- Your instructions
Set down only what runs from the line containing "(\<Sum>i = 1..length" through the last line of the data, exactly as it reads.

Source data
________
lemma bigo_of_quadratic_relative_error:
  fixes e K a m :: "nat \<Rightarrow> real" and \<beta> :: real
  assumes "\<beta> \<noteq> 0"
    and "eventually (\<lambda>n. \<bar>e n\<bar> \<le> (K n)\<^sup>2 * m n * a n) F"
    and "K \<in> O[F](\<lambda>n. \<beta> ^ n)"
    and "m \<in> O[F](\<lambda>n. inverse (\<beta>\<^sup>2) ^ n)"
  shows "e \<in> O[F](\<lambda>n. K n * a n * inverse \<beta> ^ n)"
proof -
  have "e \<in> O[F](\<lambda>n. K n * a n * (K n * m n))"
  proof (rule bigoI[where c = 1])
    show "eventually (\<lambda>n. norm (e n) \<le> 1 * norm (K n * a n * (K n * m n))) F"
      using assms(2) by eventually_elim
        (use abs_ge_self[of "K n * a n * (K n * m n)" for n] in \<open>auto simp: power2_eq_square algebra_simps\<close>)
  qed
  also have "(\<lambda>n. K n * a n * (K n * m n)) \<in> O[F](\<lambda>n. K n * a n * (\<beta> ^ n * inverse (\<beta>\<^sup>2) ^ n))"
    using assms(3,4) by (intro landau_o.big.mult_left landau_o.big.mult)
  also have "(\<lambda>n. K n * a n * (\<beta> ^ n * inverse (\<beta>\<^sup>2) ^ n)) = (\<lambda>n. K n * a n * inverse \<beta> ^ n)"
    using assms(1) by (simp add: power_inverse power2_eq_square power_mult_distrib field_simps)
  finally show ?thesis .
qed

lemma expected_covered_asymptotics:
  fixes L :: "'t::finite list set"
  assumes "condition_C1 L \<omega>" and "\<And>t. \<omega> t > 0"
  shows "\<exists>\<beta>::real. \<beta> > 1 \<and>
           (\<forall>k :: nat \<Rightarrow> nat. (\<lambda>n. real (k n)) \<in> o(\<lambda>n. \<beta> ^ n) \<longrightarrow>
              (\<lambda>n. expected_covered L \<omega> n (k n) - real (k n) * alpha2 L \<omega> n)
                \<in> O[nonempty_lengths L](\<lambda>n. real (k n) * alpha2 L \<omega> n * inverse \<beta> ^ n))"
proof -
  obtain \<beta>\<^sub>0 :: real where "\<beta>\<^sub>0 > 1"
    and max_prob_decay: "max_prob L \<omega> \<in> O[nonempty_lengths L](\<lambda>n. inverse \<beta>\<^sub>0 ^ n)"
    using assms(1) unfolding condition_C1_def by blast
  define \<beta> where "\<beta> = sqrt \<beta>\<^sub>0"
  have "\<beta> > 1" and \<beta>_square: "\<beta>\<^sup>2 = \<beta>\<^sub>0"
    using \<open>\<beta>\<^sub>0 > 1\<close> by (simp_all add: \<beta>_def)
  moreover have "(\<lambda>n. expected_covered L \<omega> n (k n) - real (k n) * alpha2 L \<omega> n)
             \<in> O[nonempty_lengths L](\<lambda>n. real (k n) * alpha2 L \<omega> n * inverse \<beta> ^ n)"
    if "(\<lambda>n. real (k n)) \<in> o(\<lambda>n. \<beta> ^ n)" for k :: "nat \<Rightarrow> nat"
  proof (rule bigo_of_quadratic_relative_error[where m = "max_prob L \<omega>"])
    show "\<beta> \<noteq> 0" and "max_prob L \<omega> \<in> O[nonempty_lengths L](\<lambda>n. inverse (\<beta>\<^sup>2) ^ n)"
      using \<open>\<beta> > 1\<close> max_prob_decay by (simp_all add: \<beta>_square)
    show "(\<lambda>n. real (k n)) \<in> O[nonempty_lengths L](\<lambda>n. \<beta> ^ n)"
      unfolding nonempty_lengths_def
      by (rule landau_o.big.filter_mono[OF inf_le1 landau_o.small_imp_big[OF that]])
    show "eventually (\<lambda>n. \<bar>expected_covered L \<omega> n (k n) - real (k n) * alpha2 L \<omega> n\<bar>
        \<le> (real (k n))\<^sup>2 * max_prob L \<omega> n * alpha2 L \<omega> n) (nonempty_lengths L)"
      unfolding nonempty_lengths_def eventually_inf_principal
      using expected_covered_linear_error[where \<omega> = \<omega>, OF _ assms(2)] by simp
  qed
  ultimately show ?thesis
    by blast
qed

theorem theorem4:
  fixes P :: "('n \<times> ('n + 't::finite) list) set" and S :: 'n
    and \<omega> :: "'t \<Rightarrow> real"
  assumes "finite P"
    and "unambiguous P S"
    and "\<And>t. \<omega> t > 0"
  defines "L \<equiv> cfg_language P S"
  shows "(\<forall>n k. Ln L n \<noteq> {} \<longrightarrow>
            expected_covered L \<omega> n k =
              (\<Sum>i = 1..length (Wvec L \<omega> n).
                 real (Mn L \<omega> n i) * (Wn L \<omega> n i / Zw L \<omega> n) *
                 (1 - (1 - Wn L \<omega> n i / Zw L \<omega> n) ^ k)))
       \<and> (condition_C1 L \<omega> \<longrightarrow>
            (\<exists>\<beta>::real. \<beta> > 1 \<and>
               (\<forall>k :: nat \<Rightarrow> nat. (\<lambda>n. real (k n)) \<in> o(\<lambda>n. \<beta> ^ n) \<longrightarrow>
                  (\<lambda>n. expected_covered L \<omega> n (k n) - real (k n) * alpha2 L \<omega> n)
                    \<in> O[nonempty_lengths L](\<lambda>n. real (k n) * alpha2 L \<omega> n * inverse \<beta> ^ n))))"
  using expected_covered_eq_sum_weights[where \<omega> = \<omega>, OF _ assms(3)]
    expected_covered_asymptotics[where \<omega> = \<omega>, OF _ assms(3)]
  by blast

end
________
- Task response
              (\<Sum>i = 1..length (Wvec L \<omega> n).
                 real (Mn L \<omega> n i) * (Wn L \<omega> n i / Zw L \<omega> n) *
                 (1 - (1 - Wn L \<omega> n i / Zw L \<omega> n) ^ k)))
       \<and> (condition_C1 L \<omega> \<longrightarrow>
            (\<exists>\<beta>::real. \<beta> > 1 \<and>
               (\<forall>k :: nat \<Rightarrow> nat. (\<lambda>n. real (k n)) \<in> o(\<lambda>n. \<beta> ^ n) \<longrightarrow>
                  (\<lambda>n. expected_covered L \<omega> n (k n) - real (k n) * alpha2 L \<omega> n)
                    \<in> O[nonempty_lengths L](\<lambda>n. real (k n) * alpha2 L \<omega> n * inverse \<beta> ^ n))))"
  using expected_covered_eq_sum_weights[where \<omega> = \<omega>, OF _ assms(3)]
    expected_covered_asymptotics[where \<omega> = \<omega>, OF _ assms(3)]
  by blast

end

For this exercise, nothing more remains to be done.